▶ YOUR ASSIGNMENT
The expected output is each line in the data below that includes the string "else".

-------- INPUT DATA

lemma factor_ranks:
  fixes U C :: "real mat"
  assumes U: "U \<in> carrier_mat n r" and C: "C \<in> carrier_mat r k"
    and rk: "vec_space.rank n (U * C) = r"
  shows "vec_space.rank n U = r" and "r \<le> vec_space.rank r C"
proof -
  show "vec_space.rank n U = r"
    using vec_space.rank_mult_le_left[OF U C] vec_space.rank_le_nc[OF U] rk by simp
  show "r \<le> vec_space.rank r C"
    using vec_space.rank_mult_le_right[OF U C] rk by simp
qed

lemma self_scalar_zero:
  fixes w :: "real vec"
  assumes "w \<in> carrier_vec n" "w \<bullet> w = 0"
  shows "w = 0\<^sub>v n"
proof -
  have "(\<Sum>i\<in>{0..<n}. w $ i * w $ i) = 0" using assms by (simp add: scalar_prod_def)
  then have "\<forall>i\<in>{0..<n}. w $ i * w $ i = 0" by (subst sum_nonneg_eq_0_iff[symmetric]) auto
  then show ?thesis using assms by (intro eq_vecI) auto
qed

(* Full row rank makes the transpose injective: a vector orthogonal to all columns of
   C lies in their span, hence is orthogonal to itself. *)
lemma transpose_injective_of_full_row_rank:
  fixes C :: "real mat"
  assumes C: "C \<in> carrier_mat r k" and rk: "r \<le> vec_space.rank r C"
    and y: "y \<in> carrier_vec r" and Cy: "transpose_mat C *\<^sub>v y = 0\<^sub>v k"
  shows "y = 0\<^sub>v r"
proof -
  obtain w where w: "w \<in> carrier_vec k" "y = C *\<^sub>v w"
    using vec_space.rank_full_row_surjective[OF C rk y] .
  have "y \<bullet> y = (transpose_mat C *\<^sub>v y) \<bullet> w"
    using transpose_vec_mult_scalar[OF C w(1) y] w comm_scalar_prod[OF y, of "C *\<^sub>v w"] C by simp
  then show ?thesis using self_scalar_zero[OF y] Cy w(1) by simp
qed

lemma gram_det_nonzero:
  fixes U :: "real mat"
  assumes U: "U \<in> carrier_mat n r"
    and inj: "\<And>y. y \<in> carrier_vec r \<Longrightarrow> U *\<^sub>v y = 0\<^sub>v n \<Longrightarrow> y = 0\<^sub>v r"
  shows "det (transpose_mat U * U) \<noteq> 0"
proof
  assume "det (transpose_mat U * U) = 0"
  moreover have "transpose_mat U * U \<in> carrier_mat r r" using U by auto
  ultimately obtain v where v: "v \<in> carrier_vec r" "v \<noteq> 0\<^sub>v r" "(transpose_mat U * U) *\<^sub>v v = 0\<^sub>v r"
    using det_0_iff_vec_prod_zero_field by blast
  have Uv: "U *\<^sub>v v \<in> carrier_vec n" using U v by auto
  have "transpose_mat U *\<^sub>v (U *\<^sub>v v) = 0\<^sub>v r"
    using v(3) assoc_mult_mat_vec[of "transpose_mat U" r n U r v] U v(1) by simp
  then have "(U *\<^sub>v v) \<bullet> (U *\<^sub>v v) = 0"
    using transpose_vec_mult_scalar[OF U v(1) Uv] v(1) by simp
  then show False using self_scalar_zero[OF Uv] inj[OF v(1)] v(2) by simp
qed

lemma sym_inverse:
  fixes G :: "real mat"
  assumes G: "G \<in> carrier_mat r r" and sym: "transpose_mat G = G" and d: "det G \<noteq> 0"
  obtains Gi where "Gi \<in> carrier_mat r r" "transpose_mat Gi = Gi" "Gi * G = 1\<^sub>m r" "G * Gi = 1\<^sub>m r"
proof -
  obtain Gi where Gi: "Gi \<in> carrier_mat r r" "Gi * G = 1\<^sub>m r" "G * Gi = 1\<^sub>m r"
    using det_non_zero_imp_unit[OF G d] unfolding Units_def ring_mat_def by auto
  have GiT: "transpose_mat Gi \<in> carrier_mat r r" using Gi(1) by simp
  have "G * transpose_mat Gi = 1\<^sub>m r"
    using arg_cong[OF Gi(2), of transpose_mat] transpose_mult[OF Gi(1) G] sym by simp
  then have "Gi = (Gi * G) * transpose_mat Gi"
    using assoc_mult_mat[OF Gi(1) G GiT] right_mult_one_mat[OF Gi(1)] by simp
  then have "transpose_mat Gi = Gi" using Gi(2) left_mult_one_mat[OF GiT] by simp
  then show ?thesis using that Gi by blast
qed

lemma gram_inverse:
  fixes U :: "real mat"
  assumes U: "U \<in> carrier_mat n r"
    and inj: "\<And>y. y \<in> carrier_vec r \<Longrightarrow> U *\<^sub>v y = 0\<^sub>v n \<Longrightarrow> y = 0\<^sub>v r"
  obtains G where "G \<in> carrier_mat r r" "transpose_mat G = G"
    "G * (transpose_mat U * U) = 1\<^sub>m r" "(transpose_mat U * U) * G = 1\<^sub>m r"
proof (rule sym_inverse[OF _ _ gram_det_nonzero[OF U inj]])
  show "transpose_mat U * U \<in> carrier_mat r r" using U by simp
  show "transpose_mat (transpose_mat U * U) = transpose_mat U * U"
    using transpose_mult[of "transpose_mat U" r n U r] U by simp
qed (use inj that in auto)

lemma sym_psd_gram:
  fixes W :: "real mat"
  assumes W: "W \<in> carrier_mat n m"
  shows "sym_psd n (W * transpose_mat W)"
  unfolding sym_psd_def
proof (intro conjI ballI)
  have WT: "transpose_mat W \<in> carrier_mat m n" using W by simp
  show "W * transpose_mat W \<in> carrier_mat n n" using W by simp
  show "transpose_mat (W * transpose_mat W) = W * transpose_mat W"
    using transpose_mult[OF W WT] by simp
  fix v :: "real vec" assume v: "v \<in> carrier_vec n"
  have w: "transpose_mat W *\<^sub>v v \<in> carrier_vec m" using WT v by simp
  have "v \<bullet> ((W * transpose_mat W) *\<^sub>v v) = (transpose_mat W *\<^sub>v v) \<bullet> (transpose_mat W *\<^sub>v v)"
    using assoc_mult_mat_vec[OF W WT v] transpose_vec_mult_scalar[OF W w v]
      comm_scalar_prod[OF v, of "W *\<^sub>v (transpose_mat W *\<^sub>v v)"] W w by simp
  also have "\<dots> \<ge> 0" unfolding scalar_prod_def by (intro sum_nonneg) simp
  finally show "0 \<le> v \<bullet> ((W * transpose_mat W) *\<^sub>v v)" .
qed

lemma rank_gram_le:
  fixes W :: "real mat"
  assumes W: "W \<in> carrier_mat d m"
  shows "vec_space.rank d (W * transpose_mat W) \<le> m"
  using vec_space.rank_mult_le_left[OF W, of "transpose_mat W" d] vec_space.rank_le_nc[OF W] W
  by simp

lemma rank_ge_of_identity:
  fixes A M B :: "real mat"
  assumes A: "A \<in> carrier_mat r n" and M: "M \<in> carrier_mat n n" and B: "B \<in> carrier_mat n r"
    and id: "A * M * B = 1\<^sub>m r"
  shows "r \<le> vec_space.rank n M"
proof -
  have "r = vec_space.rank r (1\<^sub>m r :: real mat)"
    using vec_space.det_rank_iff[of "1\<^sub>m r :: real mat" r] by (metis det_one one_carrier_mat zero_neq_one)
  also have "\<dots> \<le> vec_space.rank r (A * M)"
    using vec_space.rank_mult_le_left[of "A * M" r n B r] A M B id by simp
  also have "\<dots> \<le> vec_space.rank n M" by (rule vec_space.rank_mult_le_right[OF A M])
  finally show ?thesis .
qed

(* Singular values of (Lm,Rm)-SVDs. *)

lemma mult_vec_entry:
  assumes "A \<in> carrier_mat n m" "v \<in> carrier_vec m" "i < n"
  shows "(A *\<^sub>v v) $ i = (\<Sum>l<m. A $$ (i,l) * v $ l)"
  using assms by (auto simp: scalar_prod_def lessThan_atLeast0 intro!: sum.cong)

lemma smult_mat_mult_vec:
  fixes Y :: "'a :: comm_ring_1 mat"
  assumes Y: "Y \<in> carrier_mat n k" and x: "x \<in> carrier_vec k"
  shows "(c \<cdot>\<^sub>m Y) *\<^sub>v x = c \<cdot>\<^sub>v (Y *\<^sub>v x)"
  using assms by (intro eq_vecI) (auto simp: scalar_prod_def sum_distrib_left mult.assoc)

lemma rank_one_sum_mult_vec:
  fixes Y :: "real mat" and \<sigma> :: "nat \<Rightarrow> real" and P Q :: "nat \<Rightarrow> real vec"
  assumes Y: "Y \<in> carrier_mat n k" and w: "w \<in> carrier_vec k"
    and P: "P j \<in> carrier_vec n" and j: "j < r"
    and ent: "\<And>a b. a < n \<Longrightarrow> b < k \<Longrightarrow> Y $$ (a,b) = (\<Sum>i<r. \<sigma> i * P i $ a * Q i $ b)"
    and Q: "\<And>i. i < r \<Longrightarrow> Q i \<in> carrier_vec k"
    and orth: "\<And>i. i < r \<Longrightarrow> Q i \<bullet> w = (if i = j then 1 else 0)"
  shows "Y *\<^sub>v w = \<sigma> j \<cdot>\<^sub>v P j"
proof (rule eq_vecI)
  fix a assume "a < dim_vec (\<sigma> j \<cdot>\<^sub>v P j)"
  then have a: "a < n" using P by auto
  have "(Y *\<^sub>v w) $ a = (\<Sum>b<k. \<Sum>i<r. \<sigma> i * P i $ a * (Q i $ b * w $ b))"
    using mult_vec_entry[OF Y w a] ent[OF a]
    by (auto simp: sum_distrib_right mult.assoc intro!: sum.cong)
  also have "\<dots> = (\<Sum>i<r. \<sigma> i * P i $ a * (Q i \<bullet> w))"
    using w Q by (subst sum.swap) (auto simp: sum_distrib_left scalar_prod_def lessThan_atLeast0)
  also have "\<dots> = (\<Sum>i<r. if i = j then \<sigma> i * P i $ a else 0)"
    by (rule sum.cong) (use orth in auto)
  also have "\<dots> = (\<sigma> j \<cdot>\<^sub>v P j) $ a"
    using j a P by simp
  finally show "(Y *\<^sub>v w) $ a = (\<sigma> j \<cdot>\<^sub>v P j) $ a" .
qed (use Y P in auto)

----------------

▶ EXERCISE SOLUTION
    and orth: "\<And>i. i < r \<Longrightarrow> Q i \<bullet> w = (if i = j then 1 else 0)"
  also have "\<dots> = (\<Sum>i<r. if i = j then \<sigma> i * P i $ a else 0)"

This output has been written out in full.